Interestingly enough, normalization of relations between the different branches of government was a pre-condition set by the OAS before dialogue between the government and opposition were to begin.

The actions of the Venezuelan government confirm the suspicion that it has no intention to hold a decent dialogue and even less to open up the system to democracy. All Venezuela received from the OAS was a break from international pressure.

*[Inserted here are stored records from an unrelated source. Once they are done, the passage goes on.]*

text \<open>Either \<open>a\<close> lowers \<open>\<alpha>(E)\<close> by itself, or \<open>\<alpha>(E') = \<alpha>(E)\<close> on \<open>P - {a}\<close>.\<close>

lemma alpha_Diff_less_three_of_critical_vertex:
  assumes fin: "finite P" and bip: "bipartition E' P A" and gap: "alpha E' P = Suc (alpha E P)"
    and less: "alpha E (P - D) < alpha E P" and a: "a \<in> D" "alpha E' (P - {a}) < alpha E' P"
  obtains Q where "Q \<subseteq> D" "finite Q" "card Q \<le> 3" "alpha E (P - Q) < alpha E P"
proof (cases "alpha E (P - {a}) < alpha E P")
  case True
  then show ?thesis using that[of "{a}"] a(1) by simp
next
  case False
  then have eq: "alpha E (P - {a}) = alpha E P" using alpha_mono[OF fin, of "P - {a}" E] by simp
  then have eq': "alpha E' (P - {a}) = alpha E (P - {a})"
    using alpha_le_alpha_remove_edge[of "P - {a}"] fin a(2) gap by simp
  have "alpha E (P - {a} - D) \<le> alpha E (P - D)" by (rule alpha_mono) (use fin in auto)
  then have "alpha E (P - {a} - D) < alpha E (P - {a})" using eq less by linarith
  then obtain Q0 where Q0: "Q0 \<subseteq> D" "finite Q0" "card Q0 \<le> 2"
    "alpha E (P - {a} - Q0) < alpha E (P - {a})"
    using alpha_Diff_less_two_if_alpha_eq[OF _ bipartition_subset[OF bip] eq'] fin by blast
  have "P - insert a Q0 = P - {a} - Q0" by blast
  moreover have "card (insert a Q0) \<le> 3" using Q0(2,3) by (simp add: card_insert_if)
  ultimately show ?thesis using that[of "insert a Q0"] Q0 a(1) eq by simp
qed
(* Let $k$ be a field of characteristic different from $2$. The morphism $\Psi_1$ induces a morphism $\mathbb{G}_m\to S_2$. For $n\geq 2$, the morphism $\Psi_n$ induces a pointed morphism \[ \Psi_n: Q_{2n-1}\longrightarrow\begin{cases} O_{2^{n-1}} & n\equiv 0 \pmod 4,\\ S_{2^{n-1}}\cong (GL_{2^{n-1}}/O_{2^{n-1}})_{\text{\'et}} & n\equiv 1\pmod 4,\\ Sp_{2^{n-1}} & n\equiv 2\pmod 4,\\ A_{2^{n-1}}\cong GL_{2^{n-1}}/Sp_{2^{n-1}} & n\equiv 3\pmod 4.\end{cases} \]
   Context: $Q_{2n-1}=\operatorname{Spec} k[x_1,\dots,x_n,y_1,\dots,y_n]/(\sum_i x_iy_i-1)$, pointed by $x=y=(1,0,\dots,0)$. For $m\ge1$, $\tau_{2m}$ is the block sum of $m$ copies of $\begin{pmatrix}0&1\\0&0\end{pmatrix}$, $\sigma_{2m}=\tau_{2m}+\tau_{2m}^t$, $\psi_{2m}=\tau_{2m}-\tau_{2m}^t$; $O_{2m}$ is the orthogonal group of $\sigma_{2m}$ and $Sp_{2m}$ the symplectic group of $\psi_{2m}$ (pointed by the identity), $S_{2m}$ is the scheme of invertible symmetric $2m\times 2m$ matrices (pointed by $\sigma_{2m}$, with $S_{2m}\cong (GL_{2m}/O_{2m})_{\text{\'et}}$ via $g\mapsto g^t\sigma_{2m}g$), $A_{2m}$ the scheme of invertible antisymmetric matrices (pointed by $\psi_{2m}$, $A_{2m}\cong GL_{2m}/Sp_{2m}$ via $g\mapsto g^t\psi_{2m}g$). Suslin matrices: for a commutative ring $R$ and $a=(a_1,\dots,a_n)$, $b=(b_1,\dots,b_n)\in R^n$, $\alpha_1(a,b)=a_1$ and for $n\ge2$, $\alpha_n(a,b)=\begin{pmatrix}a_1\mathrm{Id}_{2^{n-2}}&\alpha_{n-1}(a',b')\\-\alpha_{n-1}(b',a')^t&b_1\mathrm{Id}_{2^{n-2}}\end{pmatrix}$ where $a'=(a_2,\dots,a_n)$, $b'=(b_2,\dots,b_n)$. Let $I_1=1$, $I_n=\begin{pmatrix}0&I_{n-1}\\-I_{n-1}&0\end{pmatrix}$ for $n$ even, $I_n=\begin{pmatrix}I_{n-1}&0\\0&-I_{n-1}\end{pmatrix}$ for $n\ge 3$ odd. Define $E_n\in M_{2^{n-1}}(\mathbb{Z})$ by $E_1=E_2=\mathrm{Id}$ and for $n\ge3$ (block matrices with blocks of size $2^{n-2}$, $1$ an identity block): if $n\equiv0\ (4)$: $E_n=\begin{pmatrix}1&0\\0&I_{n-1}^t\end{pmatrix}\begin{pmatrix}1&0\\\tau_{2^{n-2}}&1\end{pmatrix}\begin{pmatrix}1&-\sigma_{2^{n-2}}\\0&1\end{pmatrix}\begin{pmatrix}1&0\\0&\psi_{2^{n-2}}\end{pmatrix}$; if $n\equiv1\ (4)$: $E_n=\begin{pmatrix}E_{n-1}&0\\0&E_{n-1}\end{pmatrix}\begin{pmatrix}1&0\\0&\psi_{2^{n-2}}\end{pmatrix}$; if $n\equiv2\ (4)$: $E_n=\begin{pmatrix}1&0\\0&I_{n-1}^t\end{pmatrix}\begin{pmatrix}1&0\\\tau_{2^{n-2}}&1\end{pmatrix}\begin{pmatrix}1&\psi_{2^{n-2}}\\0&1\end{pmatrix}\begin{pmatrix}1&0\\0&\sigma_{2^{n-2}}\end{pmatrix}$; if $n\equiv3\ (4)$: $E_n=\begin{pmatrix}E_{n-1}&0\\0&E_{n-1}\end{pmatrix}\begin{pmatrix}1&0\\0&\sigma_{2^{n-2}}\end{pmatrix}$. Let $\alpha_n=\alpha_n(x,y)$ over $Q_{2n-1}$. Define $\Psi_1:\mathbb{G}_m\to GL_2$, $t\mapsto\mathrm{diag}(t,-1)$, and for $n\ge2$ the morphism $\Psi_n:Q_{2n-1}\to GL_{2^{n-1}}$ by $\Psi_n=E_n^{-1}\alpha_n^tE_n$ if $n$ is even and $\Psi_n=E_n^t\alpha_nI_nE_n$ if $n$ is odd. *)

theory Defs
  imports "Jordan_Normal_Form.Determinant"
begin

definition tau :: "nat \<Rightarrow> int mat" where
  "tau N = mat N N (\<lambda>(i,j). if even i \<and> j = Suc i then 1 else 0)"

definition sigma :: "nat \<Rightarrow> int mat" where
  "sigma N = tau N + transpose_mat (tau N)"

definition psi :: "nat \<Rightarrow> int mat" where
  "psi N = tau N - transpose_mat (tau N)"

fun Imat :: "nat \<Rightarrow> int mat" where
  "Imat 0 = 1\<^sub>m 1"
| "Imat (Suc 0) = 1\<^sub>m 1"
| "Imat (Suc (Suc m)) =
     (if even (Suc (Suc m))
      then four_block_mat (0\<^sub>m (2^m) (2^m)) (Imat (Suc m)) (- Imat (Suc m)) (0\<^sub>m (2^m) (2^m))
      else four_block_mat (Imat (Suc m)) (0\<^sub>m (2^m) (2^m)) (0\<^sub>m (2^m) (2^m)) (- Imat (Suc m)))"

definition blk_diag :: "nat \<Rightarrow> int mat \<Rightarrow> int mat \<Rightarrow> int mat" where
  "blk_diag h A D = four_block_mat A (0\<^sub>m h h) (0\<^sub>m h h) D"

definition blk_lower :: "nat \<Rightarrow> int mat \<Rightarrow> int mat" where
  "blk_lower h C = four_block_mat (1\<^sub>m h) (0\<^sub>m h h) C (1\<^sub>m h)"

definition blk_upper :: "nat \<Rightarrow> int mat \<Rightarrow> int mat" where
  "blk_upper h B = four_block_mat (1\<^sub>m h) B (0\<^sub>m h h) (1\<^sub>m h)"

fun Emat :: "nat \<Rightarrow> int mat" where
  "Emat 0 = 1\<^sub>m 1"
| "Emat (Suc 0) = 1\<^sub>m 1"
| "Emat (Suc (Suc 0)) = 1\<^sub>m 2"
| "Emat (Suc (Suc (Suc m))) =
     (let n = Suc (Suc (Suc m)); h = 2 ^ Suc m in
      if n mod 4 = 0 then
        blk_diag h (1\<^sub>m h) (transpose_mat (Imat (n - 1))) * blk_lower h (tau h)
          * blk_upper h (- sigma h) * blk_diag h (1\<^sub>m h) (psi h)
      else if n mod 4 = 1 then
        blk_diag h (Emat (n - 1)) (Emat (n - 1)) * blk_diag h (1\<^sub>m h) (psi h)
      else if n mod 4 = 2 then
        blk_diag h (1\<^sub>m h) (transpose_mat (Imat (n - 1))) * blk_lower h (tau h)
          * blk_upper h (psi h) * blk_diag h (1\<^sub>m h) (sigma h)
      else
        blk_diag h (Emat (n - 1)) (Emat (n - 1)) * blk_diag h (1\<^sub>m h) (sigma h))"

text \<open>The (two-sided) inverse of an integer matrix (it exists for E_n).\<close>
definition int_mat_inv :: "nat \<Rightarrow> int mat \<Rightarrow> int mat" where
  "int_mat_inv N A = (THE B. B \<in> carrier_mat N N \<and> A * B = 1\<^sub>m N \<and> B * A = 1\<^sub>m N)"
definition tensrep :: "nat \<Rightarrow> (complex^2^2 \<Rightarrow> nat \<Rightarrow> nat \<Rightarrow> complex) \<Rightarrow> nat \<Rightarrow> complex^2^2
    \<Rightarrow> (nat list \<Rightarrow> complex) \<Rightarrow> (nat list \<Rightarrow> complex)" where
  "tensrep d \<tau> m g f = (\<lambda>w. if w \<in> words d m
      then (\<Sum>v\<in>words d m. (\<Prod>i<m. \<tau> g (w ! i) (v ! i)) * f v) else 0)"

definition tprod :: "nat \<Rightarrow> (nat list \<Rightarrow> complex) \<Rightarrow> (nat list \<Rightarrow> complex) \<Rightarrow> (nat list \<Rightarrow> complex)" where
  "tprod k a b = (\<lambda>w. a (take k w) * b (drop k w))"

definition detsp :: "nat \<Rightarrow> (complex^2^2 \<Rightarrow> nat \<Rightarrow> nat \<Rightarrow> complex) \<Rightarrow> (nat list \<Rightarrow> complex) set" where
  "detsp d \<tau> = {\<xi> \<in> tens d 2. \<forall>g\<in>SU2. tensrep d \<tau> 2 g \<xi> = \<xi>}"

definition Ksp :: "nat \<Rightarrow> (complex^2^2 \<Rightarrow> nat \<Rightarrow> nat \<Rightarrow> complex) \<Rightarrow> nat \<Rightarrow> (nat list \<Rightarrow> complex) set" where
  "Ksp d \<tau> m = cspan (\<Union>i\<in>{1..m-1}.
      {tprod (i - 1) a (tprod 2 z b) | a z b.
         a \<in> tens d (i - 1) \<and> z \<in> detsp d \<tau> \<and> b \<in> tens d (m - i - 1)})"

text \<open>E_m = K_m^\<perp> inside H^{\<otimes>m} (for m = 0, 1 this is C, resp. H, since K_m = 0)\<close>
definition Esp :: "nat \<Rightarrow> (complex^2^2 \<Rightarrow> nat \<Rightarrow> nat \<Rightarrow> complex) \<Rightarrow> nat \<Rightarrow> (nat list \<Rightarrow> complex) set" where
  "Esp d \<tau> m = {\<xi> \<in> tens d m. \<forall>\<eta>\<in>Ksp d \<tau> m. ip (words d m) \<eta> \<xi> = 0}"

definition iota :: "nat \<Rightarrow> nat \<Rightarrow> (nat list \<Rightarrow> complex) \<Rightarrow> (nat list \<times> nat list \<Rightarrow> complex)" where
  "iota k m \<xi> = (\<lambda>(u, v). if length u = k then \<xi> (u @ v) else 0)"

text \<open>SU(2)-subproduct system (in the model where E_m is a subspace of H^{\<otimes>m},
  represented by functions on words of length m over {..<d}), with representations \<sigma> m on E m.\<close>
definition SU2_subproduct_system :: "nat \<Rightarrow> (nat \<Rightarrow> (nat list \<Rightarrow> complex) set)
    \<Rightarrow> (nat \<Rightarrow> nat \<Rightarrow> (nat list \<Rightarrow> complex) \<Rightarrow> (nat list \<times> nat list \<Rightarrow> complex))
    \<Rightarrow> (nat \<Rightarrow> complex^2^2 \<Rightarrow> (nat list \<Rightarrow> complex) \<Rightarrow> (nat list \<Rightarrow> complex)) \<Rightarrow> bool" where
  "SU2_subproduct_system d E \<iota> \<sigma> \<longleftrightarrow>
     \<comment> \<open>Hilbert spaces, E_0 = C\<close>
     (\<forall>m. csubspace (E m) \<and> E m \<subseteq> tens d m) \<and>
     E 0 = {(\<lambda>w. if w = [] then c else 0) | c. True} \<and>
     \<comment> \<open>isometries E_{k+m} \<rightarrow> E_k \<otimes> E_m\<close>
     (\<forall>k m. clinear_on (E (k + m)) (\<iota> k m) \<and>
        (\<forall>\<xi>\<in>E (k + m). \<iota> k m \<xi> \<in> htensor (E k) (E m)) \<and>
        (\<forall>\<xi>\<in>E (k + m). \<forall>\<eta>\<in>E (k + m).
           ip (words d k \<times> words d m) (\<iota> k m \<xi>) (\<iota> k m \<eta>) = ip (words d (k + m)) \<xi> \<eta>)) \<and>
     \<comment> \<open>\<iota>_{0,m}, \<iota>_{m,0} are the canonical identifications\<close>
     (\<forall>m. \<forall>\<xi>\<in>E m. \<iota> 0 m \<xi> = (\<lambda>(u, v). if u = [] then \<xi> v else 0)) \<and>
     (\<forall>m. \<forall>\<xi>\<in>E m. \<iota> m 0 \<xi> = (\<lambda>(u, v). if v = [] then \<xi> u else 0)) \<and>
     \<comment> \<open>coassociativity\<close>
     (\<forall>k l m. \<forall>\<xi>\<in>E (k + l + m). \<forall>u v w.
        id_tensor (\<iota> l m) (\<iota> k (l + m) \<xi>) (u, (v, w)) =
        tensor_id (\<iota> k l) (\<iota> (k + l) m \<xi>) ((u, v), w)) \<and>
     \<comment> \<open>strongly continuous unitary representations, trivial on E_0\<close>
     (\<forall>m. \<forall>g\<in>SU2. clinear_on (E m) (\<sigma> m g) \<and> \<sigma> m g ` E m = E m \<and>
        (\<forall>\<xi>\<in>E m. \<forall>\<eta>\<in>E m. ip (words d m) (\<sigma> m g \<xi>) (\<sigma> m g \<eta>) = ip (words d m) \<xi> \<eta>)) \<and>
     (\<forall>m. \<forall>g\<in>SU2. \<forall>h\<in>SU2. \<forall>\<xi>\<in>E m. \<sigma> m (g ** h) \<xi> = \<sigma> m g (\<sigma> m h \<xi>)) \<and>
     (\<forall>m. \<forall>\<xi>\<in>E m. \<sigma> m (mat 1) \<xi> = \<xi>) \<and>
     (\<forall>m. \<forall>\<xi>\<in>E m. \<forall>w. continuous_on SU2 (\<lambda>g. \<sigma> m g \<xi> w)) \<and>
     (\<forall>g\<in>SU2. \<forall>\<xi>\<in>E 0. \<sigma> 0 g \<xi> = \<xi>) \<and>
     \<comment> \<open>equivariance for the diagonal actions\<close>
     (\<forall>k m. \<forall>g\<in>SU2. \<forall>\<xi>\<in>E (k + m).
        \<iota> k m (\<sigma> (k + m) g \<xi>) = map_tensor (\<sigma> k g) (\<sigma> m g) (\<iota> k m \<xi>))"
lemma witness_approximation_error_gt:
  fixes P :: "real poly"
  assumes r: "even r" "4 \<le> r" and s: "0 < s" "2 * s \<le> 1" and "0 < A"
    and K: "\<And>p B. degree p \<le> n \<Longrightarrow> \<forall>t\<in>{1/2..1::real}. \<bar>poly p t\<bar> \<le> B \<Longrightarrow> \<forall>i. \<bar>coeff p i\<bar> \<le> K * B"
    and small: "2 ^ (r + 4) * (real n + 1) * (K * (real r + 3 + A * fact (r + 1))) * s < 1"
    and P: "degree P \<le> n" "\<forall>x\<in>{-1..0}. poly P x \<le> 0" "\<forall>x\<in>{0..1}. poly P x \<ge> 0"
    and jet: "\<forall>i<r. poly ((pderiv ^^ i) P) 0 = witness r s i 0"
  shows "A * sup_norm (witness r s r) < sup_norm (\<lambda>x. witness r s 0 x - poly P x)"
proof (rule ccontr)
  define L where "L = K * (real r + 3 + A * fact (r + 1))"
  assume "\<not> ?thesis"
  moreover have "A * sup_norm (witness r s r) \<le> A * fact (r + 1)"
    using assms by (intro mult_left_mono sup_norm_le abs_witness_top_le) auto
  ultimately have "sup_norm (\<lambda>x. witness r s 0 x - poly P x) \<le> A * fact (r + 1)"
    by linarith
  then have "\<bar>coeff P i\<bar> \<le> L" for i
    using K[of P] abs_poly_le_near_witness[of s r P] s P by (simp add: L_def)
  moreover have "coeff P i = coeff (jet_poly r s) i" if "i < r" for i
    using jet that s by (simp add: poly_higher_pderiv_0 witness_at_0)
  ultimately have "3 \<le> 2 ^ (r + 4) * (real n + 1) * L * s"
    using P r s by (intro sign_compatible_jet_extension_bound[where p = P]) auto
  with small show False
    unfolding L_def by linarith
qed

Most recently the Vatican agreed to be a mediator in the Venezuelan crisis along with their recommendations to include former presidents Jose Luis Rodriguez Zapatero (Spain), Leonel Fernandez (Dominican Republic), and Martin Torrijos (Panama) as part of the mediating group. These ex-presidents are considered to be sympathetic to the Venezuelan government and that is why they were accepted. However, nothing much should be expected from the Vatican. As former Uruguayan president, Julio Maria Sanguinetti and the Argentinean scholar, Guillermo Lousteau have pointed out, Pope Francis has adopted a populist position where he has expressed deep concern about the “dangers” of the market, capitalism, unlimited consumption, globalization, modernization and the rule of the wealthy (what he calls oligarchy) but has not spoken up against the authoritarianism of the Maduro government.

The Venezuelan Church has heroically resisted and has been a vocal critique of the Maduro government’s harsh authoritarianism. The Pope has spoken against violence in Venezuela but his message has been well too ambiguous. Pope Francis has met with Maduro as well as with the opposition leader Henrique Capriles Radonsky and with the wife of political prisoner Leopoldo Lopez. However, the Pope has kept an equidistant relation with both sides. This may make him a fair mediator in theory but his extreme caution casts doubt on his ability to accomplish much, particularly when good mediation would require pressure on Nicolas Maduro to give up his absolute power.

The international community, including the United States, needs to speak up against authoritarian elected governments. Nothing is a better proof of this than the impotence of the Western world as the Turkish government continues its’ crackdown on its entire civil society in the aftermath of the most recent failed coup d’état.

A challenge for the next American president should be to build a real pro-democracy coalition and help set a new international consensus.